# [YOUR INSTRUCTIONS]
Output each entry exactly as written.

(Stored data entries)
definition lyndon_factor :: "'a::linorder list \<Rightarrow> nat \<Rightarrow> nat \<Rightarrow> bool" where
  "lyndon_factor y a b \<longleftrightarrow> a < b \<and> (\<forall>k. a < k \<and> k < b \<longrightarrow> lex_less_suffix y a k b)"

lemma lex_less_drop_iff:
  assumes "k < length x"
  shows "lex_less x (drop k x) \<longleftrightarrow> lex_less_suffix x 0 k (length x)"
  using assms unfolding lex_less_iff_nth lex_less_suffix_def
  by (auto simp: less_diff_conv) (metis add_lessD1 less_diff_conv add.commute)

lemma lyndon_iff_lyndon_factor: "lyndon x \<longleftrightarrow> lyndon_factor x 0 (length x)"
  unfolding lyndon_def lyndon_factor_def using lex_less_drop_iff by fastforce

lemma lyndon_drop_take_iff:
  assumes "b \<le> length y"
  shows "lyndon (drop a (take b y)) \<longleftrightarrow> lyndon_factor y a b"
proof -
  have nth: "drop a (take b y) ! t = y ! (a + t)" if "t < b - a" for t
    using that assms by simp
  have shift: "lex_less_suffix (drop a (take b y)) 0 k (b - a) \<longleftrightarrow> lex_less_suffix y a (a + k) b"
    if "k < b - a" for k
    unfolding lex_less_suffix_def using that by (auto simp: nth add.assoc)
  have "lyndon (drop a (take b y)) \<longleftrightarrow>
      a < b \<and> (\<forall>k. 0 < k \<and> k < b - a \<longrightarrow> lex_less_suffix y a (a + k) b)"
    unfolding lyndon_iff_lyndon_factor lyndon_factor_def using assms shift by auto
  also have "\<dots> \<longleftrightarrow> lyndon_factor y a b"
    unfolding lyndon_factor_def
  proof (intro conj_cong refl iffI allI impI)
    fix k assume "\<forall>k. 0 < k \<and> k < b - a \<longrightarrow> lex_less_suffix y a (a + k) b" "a < k \<and> k < b"
    then show "lex_less_suffix y a k b" by (metis add_diff_inverse_nat diff_less_mono
        less_imp_le_nat not_less_iff_gr_or_eq zero_less_diff)
  next
    fix k assume "\<forall>k. a < k \<and> k < b \<longrightarrow> lex_less_suffix y a k b" "0 < k \<and> k < b - a"
    moreover have "a < a + k \<and> a + k < b" using \<open>0 < k \<and> k < b - a\<close> by arith
    ultimately show "lex_less_suffix y a (a + k) b" by blast
  qed
  finally show ?thesis .
qed
(* Let $n\ge 2$, $1\le p<\infty$, $q=1/p$. Let $\lambda=(\lambda_{ij})$ be an $n\times n$ matrix with nonnegative entries and all row sums equal to $1$, such that $\mathrm{per}(\lambda^q)>0$. Define the $n\times n$ matrix $\bar\lambda$ by $$\bar\lambda_{ij} = \frac{\lambda_{ij}^q\,\mathrm{per}\left(\lambda^q[i,j]\right)}{\mathrm{per}(\lambda^q)}.$$ Then $\mathrm{per}(\bar\lambda^q) \ge \mathrm{per}(\lambda^q)$.
   Context: For a matrix $M$ with nonnegative entries, $M^q$ denotes the matrix obtained by raising each entry to the $q$-th power (with $0^q=0$). For an $n\times n$ matrix $M$, $M[i,j]$ denotes the $(n-1)\times(n-1)$ matrix obtained by deleting row $i$ and column $j$, and $\lambda^q[i,j]$ denotes $(\lambda[i,j])^q$. $\mathrm{per}$ is the permanent. *)

theory Defs
  imports "HOL-Combinatorics.Permutations" Complex_Main
begin

text \<open>n x n real matrices represented as functions nat => nat => real, indices in {0..<n}.\<close>

definition per :: "nat \<Rightarrow> (nat \<Rightarrow> nat \<Rightarrow> real) \<Rightarrow> real" where
  "per n A = (\<Sum>\<sigma> \<in> {\<sigma>. \<sigma> permutes {0..<n}}. \<Prod>i<n. A i (\<sigma> i))"

text \<open>Deleting row i and column j: the (n-1)x(n-1) matrix, reindexed to {0..<n-1}.\<close>
definition minor :: "(nat \<Rightarrow> nat \<Rightarrow> real) \<Rightarrow> nat \<Rightarrow> nat \<Rightarrow> (nat \<Rightarrow> nat \<Rightarrow> real)" where
  "minor A i j = (\<lambda>k l. A (if k < i then k else Suc k) (if l < j then l else Suc l))"

text \<open>Entrywise power; note 0 powr q = 0 in Isabelle, matching the convention 0^q = 0.\<close>
definition epow :: "(nat \<Rightarrow> nat \<Rightarrow> real) \<Rightarrow> real \<Rightarrow> (nat \<Rightarrow> nat \<Rightarrow> real)" where
  "epow A q = (\<lambda>i j. A i j powr q)"

end

theory Submission
  imports Defs "Jordan_Normal_Form.Determinant"
begin

text \<open>
  Put a(\<sigma>) = \<Prod>k. \<lambda>(k, \<sigma> k)^q, so that per(\<lambda>^q) = \<Sum>\<sigma>. a(\<sigma>). By Laplace expansion the
  matrix \<mu> of the theorem (the bar-\<lambda> of the paper) is the matrix of marginals
  \<mu>(i, j) = P(\<sigma> i = j) of the distribution a / per(\<lambda>^q) on permutations, so its rows sum
  to 1. With b(\<sigma>) = \<Prod>k. \<mu>(k, \<sigma> k)^q, the log-sum inequality gives
  per(\<lambda>^q) ln(per(\<lambda>^q) / \<Sum>\<sigma>. b(\<sigma>)) \<le> \<Sum>\<sigma>. a(\<sigma>) ln(a(\<sigma>) / b(\<sigma>)).
  Since ln(a(\<sigma>) / b(\<sigma>)) is a sum over the rows, the right-hand side equals
  -q per(\<lambda>^q) \<Sum>k. KL(\<mu>(k, -) || \<lambda>(k, -)), which is \<le> 0 by Gibbs' inequality because
  the rows of \<lambda> sum to at most 1. Hence per(\<lambda>^q) \<le> \<Sum>\<sigma>. b(\<sigma>) = per(\<mu>^q).
\<close>

lemma per_cong:
  assumes "\<And>i j. i < n \<Longrightarrow> j < n \<Longrightarrow> A i j = B i j"
  shows "per n A = per n B"
  unfolding per_def by (intro sum.cong prod.cong refl) (simp add: assms permutes_nat_less)

lemma prod_permutes_nonneg:
  fixes A :: "nat \<Rightarrow> nat \<Rightarrow> real"
  assumes "\<And>i j. i < n \<Longrightarrow> j < n \<Longrightarrow> 0 \<le> A i j" and "\<sigma> permutes {0..<n}"
  shows "0 \<le> (\<Prod>k<n. A k (\<sigma> k))"
  by (intro prod_nonneg) (simp add: assms permutes_nat_less)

# [EXPECTED ANSWER]
definition lyndon_factor :: "'a::linorder list \<Rightarrow> nat \<Rightarrow> nat \<Rightarrow> bool" where
  "lyndon_factor y a b \<longleftrightarrow> a < b \<and> (\<forall>k. a < k \<and> k < b \<longrightarrow> lex_less_suffix y a k b)"

lemma lex_less_drop_iff:
  assumes "k < length x"
  shows "lex_less x (drop k x) \<longleftrightarrow> lex_less_suffix x 0 k (length x)"
  using assms unfolding lex_less_iff_nth lex_less_suffix_def
  by (auto simp: less_diff_conv) (metis add_lessD1 less_diff_conv add.commute)

lemma lyndon_iff_lyndon_factor: "lyndon x \<longleftrightarrow> lyndon_factor x 0 (length x)"
  unfolding lyndon_def lyndon_factor_def using lex_less_drop_iff by fastforce

lemma lyndon_drop_take_iff:
  assumes "b \<le> length y"
  shows "lyndon (drop a (take b y)) \<longleftrightarrow> lyndon_factor y a b"
proof -
  have nth: "drop a (take b y) ! t = y ! (a + t)" if "t < b - a" for t
    using that assms by simp
  have shift: "lex_less_suffix (drop a (take b y)) 0 k (b - a) \<longleftrightarrow> lex_less_suffix y a (a + k) b"
    if "k < b - a" for k
    unfolding lex_less_suffix_def using that by (auto simp: nth add.assoc)
  have "lyndon (drop a (take b y)) \<longleftrightarrow>
      a < b \<and> (\<forall>k. 0 < k \<and> k < b - a \<longrightarrow> lex_less_suffix y a (a + k) b)"
    unfolding lyndon_iff_lyndon_factor lyndon_factor_def using assms shift by auto
  also have "\<dots> \<longleftrightarrow> lyndon_factor y a b"
    unfolding lyndon_factor_def
  proof (intro conj_cong refl iffI allI impI)
    fix k assume "\<forall>k. 0 < k \<and> k < b - a \<longrightarrow> lex_less_suffix y a (a + k) b" "a < k \<and> k < b"
    then show "lex_less_suffix y a k b" by (metis add_diff_inverse_nat diff_less_mono
        less_imp_le_nat not_less_iff_gr_or_eq zero_less_diff)
  next
    fix k assume "\<forall>k. a < k \<and> k < b \<longrightarrow> lex_less_suffix y a k b" "0 < k \<and> k < b - a"
    moreover have "a < a + k \<and> a + k < b" using \<open>0 < k \<and> k < b - a\<close> by arith
    ultimately show "lex_less_suffix y a (a + k) b" by blast
  qed
  finally show ?thesis .
qed
(* Let $n\ge 2$, $1\le p<\infty$, $q=1/p$. Let $\lambda=(\lambda_{ij})$ be an $n\times n$ matrix with nonnegative entries and all row sums equal to $1$, such that $\mathrm{per}(\lambda^q)>0$. Define the $n\times n$ matrix $\bar\lambda$ by $$\bar\lambda_{ij} = \frac{\lambda_{ij}^q\,\mathrm{per}\left(\lambda^q[i,j]\right)}{\mathrm{per}(\lambda^q)}.$$ Then $\mathrm{per}(\bar\lambda^q) \ge \mathrm{per}(\lambda^q)$.
   Context: For a matrix $M$ with nonnegative entries, $M^q$ denotes the matrix obtained by raising each entry to the $q$-th power (with $0^q=0$). For an $n\times n$ matrix $M$, $M[i,j]$ denotes the $(n-1)\times(n-1)$ matrix obtained by deleting row $i$ and column $j$, and $\lambda^q[i,j]$ denotes $(\lambda[i,j])^q$. $\mathrm{per}$ is the permanent. *)

theory Defs
  imports "HOL-Combinatorics.Permutations" Complex_Main
begin

text \<open>n x n real matrices represented as functions nat => nat => real, indices in {0..<n}.\<close>

definition per :: "nat \<Rightarrow> (nat \<Rightarrow> nat \<Rightarrow> real) \<Rightarrow> real" where
  "per n A = (\<Sum>\<sigma> \<in> {\<sigma>. \<sigma> permutes {0..<n}}. \<Prod>i<n. A i (\<sigma> i))"

text \<open>Deleting row i and column j: the (n-1)x(n-1) matrix, reindexed to {0..<n-1}.\<close>
definition minor :: "(nat \<Rightarrow> nat \<Rightarrow> real) \<Rightarrow> nat \<Rightarrow> nat \<Rightarrow> (nat \<Rightarrow> nat \<Rightarrow> real)" where
  "minor A i j = (\<lambda>k l. A (if k < i then k else Suc k) (if l < j then l else Suc l))"

text \<open>Entrywise power; note 0 powr q = 0 in Isabelle, matching the convention 0^q = 0.\<close>
definition epow :: "(nat \<Rightarrow> nat \<Rightarrow> real) \<Rightarrow> real \<Rightarrow> (nat \<Rightarrow> nat \<Rightarrow> real)" where
  "epow A q = (\<lambda>i j. A i j powr q)"

end

theory Submission
  imports Defs "Jordan_Normal_Form.Determinant"
begin

text \<open>
  Put a(\<sigma>) = \<Prod>k. \<lambda>(k, \<sigma> k)^q, so that per(\<lambda>^q) = \<Sum>\<sigma>. a(\<sigma>). By Laplace expansion the
  matrix \<mu> of the theorem (the bar-\<lambda> of the paper) is the matrix of marginals
  \<mu>(i, j) = P(\<sigma> i = j) of the distribution a / per(\<lambda>^q) on permutations, so its rows sum
  to 1. With b(\<sigma>) = \<Prod>k. \<mu>(k, \<sigma> k)^q, the log-sum inequality gives
  per(\<lambda>^q) ln(per(\<lambda>^q) / \<Sum>\<sigma>. b(\<sigma>)) \<le> \<Sum>\<sigma>. a(\<sigma>) ln(a(\<sigma>) / b(\<sigma>)).
  Since ln(a(\<sigma>) / b(\<sigma>)) is a sum over the rows, the right-hand side equals
  -q per(\<lambda>^q) \<Sum>k. KL(\<mu>(k, -) || \<lambda>(k, -)), which is \<le> 0 by Gibbs' inequality because
  the rows of \<lambda> sum to at most 1. Hence per(\<lambda>^q) \<le> \<Sum>\<sigma>. b(\<sigma>) = per(\<mu>^q).
\<close>

lemma per_cong:
  assumes "\<And>i j. i < n \<Longrightarrow> j < n \<Longrightarrow> A i j = B i j"
  shows "per n A = per n B"
  unfolding per_def by (intro sum.cong prod.cong refl) (simp add: assms permutes_nat_less)

lemma prod_permutes_nonneg:
  fixes A :: "nat \<Rightarrow> nat \<Rightarrow> real"
  assumes "\<And>i j. i < n \<Longrightarrow> j < n \<Longrightarrow> 0 \<le> A i j" and "\<sigma> permutes {0..<n}"
  shows "0 \<le> (\<Prod>k<n. A k (\<sigma> k))"
  by (intro prod_nonneg) (simp add: assms permutes_nat_less)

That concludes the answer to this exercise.